A segunda marca da verdadeira gratidão é a consagração. Quando Samuel foi desmamado, Ana o levou a Siló para cumprir o voto que havia feito ao Senhor. Entretanto, antes da apresentação do menino, houve um sacrifício. O texto destaca que “depois de terem sacrificado o novilho, levaram o menino a Eli”. A consagração foi precedida pelo derramamento de sangue.


Esse detalhe aponta para uma grande verdade bíblica: ninguém pode aproximar-se de Deus sem mediação e sem sacrifício. No Antigo Testamento, o sacerdote e os sacrifícios apontavam para Cristo, nosso perfeito Sumo Sacerdote e o Cordeiro de Deus que tira o pecado do mundo. Hoje, somente por meio de sua obra na cruz podemos oferecer a Deus sacrifícios espirituais de louvor, adoração e ação de graças. Como ensina Hebreus 13.15, oferecemos continuamente a Deus sacrifício de louvor por meio de Cristo. Toda verdadeira consagração passa pela cruz.
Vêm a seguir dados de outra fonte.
definition douglian_morphism :: "('o, 'm) starcat \<Rightarrow> 'm \<Rightarrow> bool" where
  "douglian_morphism C f \<longleftrightarrow> f \<in> Arr C \<and>
     (\<forall>g\<in>Arr C. Dom C g = Dom C f \<longrightarrow>
        Comp C (Star C g) g = Comp C (Star C f) f \<longrightarrow>
        (\<exists>h. h \<in> hom C (Cod C f) (Cod C g) \<and> Comp C h f = g))"

definition douglian_pre_hilbert_star_category :: "('o, 'm) starcat \<Rightarrow> bool" where
  "douglian_pre_hilbert_star_category C \<longleftrightarrow> pre_hilbert_star_category C \<and>
     (\<forall>f\<in>Arr C. douglian_morphism C f)"

definition codilation :: "('o, 'm) starcat \<Rightarrow> 'm \<Rightarrow> 'o \<Rightarrow> 'm \<Rightarrow> 'm \<Rightarrow> bool" where
  "codilation C f T t1 t2 \<longleftrightarrow> f \<in> Arr C \<and> T \<in> Obj C \<and>
     t1 \<in> hom C (Dom C f) T \<and> t2 \<in> hom C (Cod C f) T \<and>
     isometry C t1 \<and> isometry C t2 \<and> Comp C (Star C t2) t1 = f"

definition codilator :: "('o, 'm) starcat \<Rightarrow> 'm \<Rightarrow> 'o \<Rightarrow> 'm \<Rightarrow> 'm \<Rightarrow> bool" where
  "codilator C f S s1 s2 \<longleftrightarrow> codilation C f S s1 s2 \<and>
     (\<forall>T t1 t2. codilation C f T t1 t2 \<longrightarrow>
        (\<exists>!t. t \<in> hom C S T \<and> isometry C t \<and> Comp C t s1 = t1 \<and> Comp C t s2 = t2))"

end

theory Submission
  imports Defs
begin

text \<open>A contraction \<open>f : X \<rightarrow> Y\<close> satisfies \<open>f\<^sup>* f + y\<^sup>* y = 1\<close> for some \<open>y : X \<rightarrow> D\<close>, so
  \<open>\<langle>f, y\<rangle> : X \<rightarrow> Y \<oplus> D\<close> together with the inclusion of \<open>Y\<close> is a codilation.  Cutting it down
  to the image of its copairing \<open>X \<oplus> Y \<rightarrow> Y \<oplus> D\<close> (the kernel of \<open>k\<^sup>*\<close>, for \<open>k\<close> a kernel of the
  adjoint) yields a codilation \<open>(S, s\<^sub>1, s\<^sub>2)\<close> whose copairing \<open>m : X \<oplus> Y \<rightarrow> S\<close> is epic; epicity
  rests on diagonals being kernels.  For any codilation \<open>(T, t\<^sub>1, t\<^sub>2)\<close> with copairing \<open>n\<close>, both
  \<open>m\<^sup>* m\<close> and \<open>n\<^sup>* n\<close> equal the matrix \<open>[1, f\<^sup>*; f, 1]\<close>, so the Douglas property yields \<open>h\<close> with
  \<open>h m = n\<close>; since \<open>m\<close> is epic, \<open>h\<close> is an isometry and is unique.\<close>

definition epi :: "('o, 'm) starcat \<Rightarrow> 'm \<Rightarrow> bool" where
  "epi C e \<longleftrightarrow> e \<in> Arr C \<and>
     (\<forall>B u v. u \<in> hom C (Cod C e) B \<longrightarrow> v \<in> hom C (Cod C e) B \<longrightarrow>
        Comp C u e = Comp C v e \<longrightarrow> u = v)"

locale star_cat =
  fixes C :: "('o, 'm) starcat"
  assumes star_category: "star_category C"
begin

lemma category: "category C"
  using star_category unfolding star_category_def by blast

lemma in_homD: "f \<in> hom C A B \<Longrightarrow> f \<in> Arr C \<and> Dom C f = A \<and> Cod C f = B"
  unfolding hom_def by auto

lemma in_hom_objs: "f \<in> hom C A B \<Longrightarrow> A \<in> Obj C \<and> B \<in> Obj C"
  using category unfolding category_def hom_def by auto

lemma comp_in_hom: "f \<in> hom C A B \<Longrightarrow> g \<in> hom C B D \<Longrightarrow> Comp C g f \<in> hom C A D"
  using category unfolding category_def hom_def by auto

lemma id_in_hom: "A \<in> Obj C \<Longrightarrow> Id C A \<in> hom C A A"
  using category unfolding category_def by auto

lemma star_in_hom: "f \<in> hom C A B \<Longrightarrow> Star C f \<in> hom C B A"
  using star_category unfolding star_category_def hom_def by auto

lemma comp_arr: "f \<in> Arr C \<Longrightarrow> g \<in> Arr C \<Longrightarrow> Cod C f = Dom C g \<Longrightarrow> Comp C g f \<in> Arr C"
  and dom_comp: "f \<in> Arr C \<Longrightarrow> g \<in> Arr C \<Longrightarrow> Cod C f = Dom C g \<Longrightarrow> Dom C (Comp C g f) = Dom C f"
  and cod_comp: "f \<in> Arr C \<Longrightarrow> g \<in> Arr C \<Longrightarrow> Cod C f = Dom C g \<Longrightarrow> Cod C (Comp C g f) = Cod C g"
  using category unfolding category_def hom_def by auto

lemma comp_assoc: "f \<in> Arr C \<Longrightarrow> g \<in> Arr C \<Longrightarrow> h \<in> Arr C \<Longrightarrow> Cod C f = Dom C g \<Longrightarrow>
    Cod C g = Dom C h \<Longrightarrow> Comp C (Comp C h g) f = Comp C h (Comp C g f)"
  using category unfolding category_def by auto

lemma comp_id_left: "f \<in> Arr C \<Longrightarrow> Cod C f = B \<Longrightarrow> Comp C (Id C B) f = f"
  and comp_id_right: "f \<in> Arr C \<Longrightarrow> Dom C f = A \<Longrightarrow> Comp C f (Id C A) = f"
  using category unfolding category_def by auto

lemma star_arr: "f \<in> Arr C \<Longrightarrow> Star C f \<in> Arr C"
  and dom_star: "f \<in> Arr C \<Longrightarrow> Dom C (Star C f) = Cod C f"
  and cod_star: "f \<in> Arr C \<Longrightarrow> Cod C (Star C f) = Dom C f"
  and star_star: "f \<in> Arr C \<Longrightarrow> Star C (Star C f) = f"
  and star_comp: "f \<in> Arr C \<Longrightarrow> g \<in> Arr C \<Longrightarrow> Cod C f = Dom C g \<Longrightarrow>
    Star C (Comp C g f) = Comp C (Star C f) (Star C g)"
  using star_category unfolding star_category_def hom_def by auto


lemma comp_eq_comp_right:
  assumes "Comp C g f = h" "f \<in> Arr C" "g \<in> Arr C" "Cod C f = Dom C g"
    and "k \<in> Arr C" "Cod C k = Dom C f"
  shows "Comp C g (Comp C f k) = Comp C h k"
  using assms comp_assoc by metis

lemmas arr_simps = comp_arr dom_comp cod_comp comp_assoc comp_id_left comp_id_right
  star_arr dom_star cod_star star_star star_comp

lemma zero_map_in_hom: "zero_map C A B z \<Longrightarrow> z \<in> hom C A B"
  unfolding zero_map_def by blast

lemma zero_map_comp_left:
  assumes z: "zero_map C A B z" and g: "g \<in> hom C B D"
  shows "zero_map C A D (Comp C g z)"
proof -
  obtain Z a b where Z: "zero_object C Z" "a \<in> hom C A Z" "b \<in> hom C Z B" "z = Comp C b a"
    using z unfolding zero_map_def by blast
  have "Comp C g z = Comp C (Comp C g b) a"
    using Z g by (simp add: arr_simps in_homD)
  moreover have "Comp C g b \<in> hom C Z D" "Comp C g z \<in> hom C A D"
    using Z g z zero_map_in_hom comp_in_hom by blast+
  ultimately show ?thesis
    using Z unfolding zero_map_def by blast
qed

lemma zero_map_comp_right:
  assumes z: "zero_map C A B z" and g: "g \<in> hom C E A"
  shows "zero_map C E B (Comp C z g)"
proof -
  obtain Z a b where Z: "zero_object C Z" "a \<in> hom C A Z" "b \<in> hom C Z B" "z = Comp C b a"
    using z unfolding zero_map_def by blast
  have "Comp C z g = Comp C b (Comp C a g)"
    using Z g by (simp add: arr_simps in_homD)
  moreover have "Comp C a g \<in> hom C E Z" "Comp C z g \<in> hom C E B"
    using Z g z zero_map_in_hom comp_in_hom by blast+
  ultimately show ?thesis
    using Z unfolding zero_map_def by blast
qed

lemma zero_map_star:
  assumes z: "zero_map C A B z"
  shows "zero_map C B A (Star C z)"
proof -
  obtain Z a b where Z: "zero_object C Z" "a \<in> hom C A Z" "b \<in> hom C Z B" "z = Comp C b a"
    using z unfolding zero_map_def by blast
  have "Star C z = Comp C (Star C a) (Star C b)"
    using Z by (simp add: arr_simps in_homD)
  moreover have "Star C a \<in> hom C Z A" "Star C b \<in> hom C B Z" "Star C z \<in> hom C B A"
    using Z z zero_map_in_hom star_in_hom by blast+
  ultimately show ?thesis
    using Z unfolding zero_map_def by blast
qed

lemma zero_object_hom_unique:
  assumes "zero_object C Z"
  shows "f \<in> hom C A Z \<Longrightarrow> g \<in> hom C A Z \<Longrightarrow> f = g"
    and "f \<in> hom C Z A \<Longrightarrow> g \<in> hom C Z A \<Longrightarrow> f = g"
proof -
  assume fg: "f \<in> hom C A Z" "g \<in> hom C A Z"
  then have "\<exists>!h. h \<in> hom C A Z"
    using assms in_hom_objs unfolding zero_object_def by blast
  then show "f = g"
    using fg by blast
next
  assume fg: "f \<in> hom C Z A" "g \<in> hom C Z A"
  then have "\<exists>!h. h \<in> hom C Z A"
    using assms in_hom_objs unfolding zero_object_def by blast
  then show "f = g"
    using fg by blast
qed

lemma zero_map_unique:
  assumes z: "zero_map C A B z" and z': "zero_map C A B z'"
  shows "z = z'"
proof -
  obtain Z a b where Z: "zero_object C Z" "a \<in> hom C A Z" "b \<in> hom C Z B" "z = Comp C b a"
    using z unfolding zero_map_def by blast
  obtain Z' a' b' where Z': "zero_object C Z'" "a' \<in> hom C A Z'" "b' \<in> hom C Z' B"
    "z' = Comp C b' a'"
    using z' unfolding zero_map_def by blast
  obtain c where c: "c \<in> hom C Z Z'"
    using Z Z' in_hom_objs unfolding zero_object_def by metis
  have "Comp C c a = a'"
    using zero_object_hom_unique(1)[OF Z'(1) _ Z'(2)] c Z comp_in_hom by blast
  then have "z' = Comp C (Comp C b' c) a"
    using Z Z' c by (simp add: arr_simps in_homD)
  moreover have "Comp C b' c = b"
    using zero_object_hom_unique(2)[OF Z(1) _ Z(3)] c Z' comp_in_hom by blast
  ultimately show ?thesis
    using Z by simp
qed

lemma biproductD:
  assumes "biproduct C A B X s1 r1 s2 r2"
  shows "s1 \<in> hom C A X" "r1 \<in> hom C X A" "s2 \<in> hom C B X" "r2 \<in> hom C X B"
    and "Comp C r1 s1 = Id C A" "Comp C r2 s2 = Id C B"
    and "zero_map C A B (Comp C r2 s1)" "zero_map C B A (Comp C r1 s2)"
  using assms unfolding biproduct_def by blast+

lemma biproduct_pair_exists:
  assumes "biproduct C A B X s1 r1 s2 r2" "a \<in> hom C Z A" "b \<in> hom C Z B"
  obtains h where "h \<in> hom C Z X" "Comp C r1 h = a" "Comp C r2 h = b"
  using assms in_hom_objs unfolding biproduct_def by metis

lemma biproduct_copair_exists:
  assumes "biproduct C A B X s1 r1 s2 r2" "a \<in> hom C A Z" "b \<in> hom C B Z"
  obtains h where "h \<in> hom C X Z" "Comp C h s1 = a" "Comp C h s2 = b"
  using assms in_hom_objs unfolding biproduct_def by metis

lemma biproduct_pair_eqI:
  assumes bp: "biproduct C A B X s1 r1 s2 r2" and h: "h \<in> hom C Z X" "h' \<in> hom C Z X"
    and "Comp C r1 h = Comp C r1 h'" "Comp C r2 h = Comp C r2 h'"
  shows "h = h'"
proof -
  have "Comp C r1 h \<in> hom C Z A" "Comp C r2 h \<in> hom C Z B" "Z \<in> Obj C"
    using biproductD(2,4)[OF bp] h comp_in_hom in_hom_objs by blast+
  then have "\<exists>!k. k \<in> hom C Z X \<and> Comp C r1 k = Comp C r1 h \<and> Comp C r2 k = Comp C r2 h"
    using bp unfolding biproduct_def by blast
  then show ?thesis
    using assms by metis
qed

lemma biproduct_copair_eqI:
  assumes bp: "biproduct C A B X s1 r1 s2 r2" and h: "h \<in> hom C X Z" "h' \<in> hom C X Z"
    and "Comp C h s1 = Comp C h' s1" "Comp C h s2 = Comp C h' s2"
  shows "h = h'"
proof -
  have "Comp C h s1 \<in> hom C A Z" "Comp C h s2 \<in> hom C B Z" "Z \<in> Obj C"
    using biproductD(1,3)[OF bp] h comp_in_hom in_hom_objs by blast+
  then have "\<exists>!k. k \<in> hom C X Z \<and> Comp C k s1 = Comp C h s1 \<and> Comp C k s2 = Comp C h s2"
    using bp unfolding biproduct_def by blast
  then show ?thesis
    using assms by metis
qed

lemma biproduct_endo_eqI:
  assumes bp: "biproduct C A B W s1 r1 s2 r2" and a: "a \<in> hom C W W" "a' \<in> hom C W W"
    and "Comp C r1 (Comp C a s1) = Comp C r1 (Comp C a' s1)"
    and "Comp C r2 (Comp C a s1) = Comp C r2 (Comp C a' s1)"
    and "Comp C r1 (Comp C a s2) = Comp C r1 (Comp C a' s2)"
    and "Comp C r2 (Comp C a s2) = Comp C r2 (Comp C a' s2)"
  shows "a = a'"
proof (rule biproduct_copair_eqI[OF bp a])
  show "Comp C a s1 = Comp C a' s1" "Comp C a s2 = Comp C a' s2"
    using assms biproductD(1,3)[OF bp] comp_in_hom
    by (meson biproduct_pair_eqI[OF bp])+
qed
Por fim, a terceira marca da verdadeira gratidão é a adoração. O relato começa com Ana e sua família adorando ao Senhor e termina da mesma forma. A gratidão autêntica sempre conduz à adoração. Mais adiante, Ana expressará isso em seu magnífico cântico registrado no capítulo 2, exaltando a soberania, a justiça e o poder de Deus.


O propósito final de todas as bênçãos recebidas não é a exaltação humana, mas a glória de Deus. Toda a história da redenção caminha para esse grande momento descrito em Apocalipse 5, quando multidões incontáveis proclamarão: “Digno é o Cordeiro que foi morto”. A verdadeira gratidão reconhece a graça de Deus, consagra-se ao Senhor e culmina em adoração. Afinal, tudo vem dEle, tudo é por meio dEle e tudo deve resultar em louvor ao seu santo nome.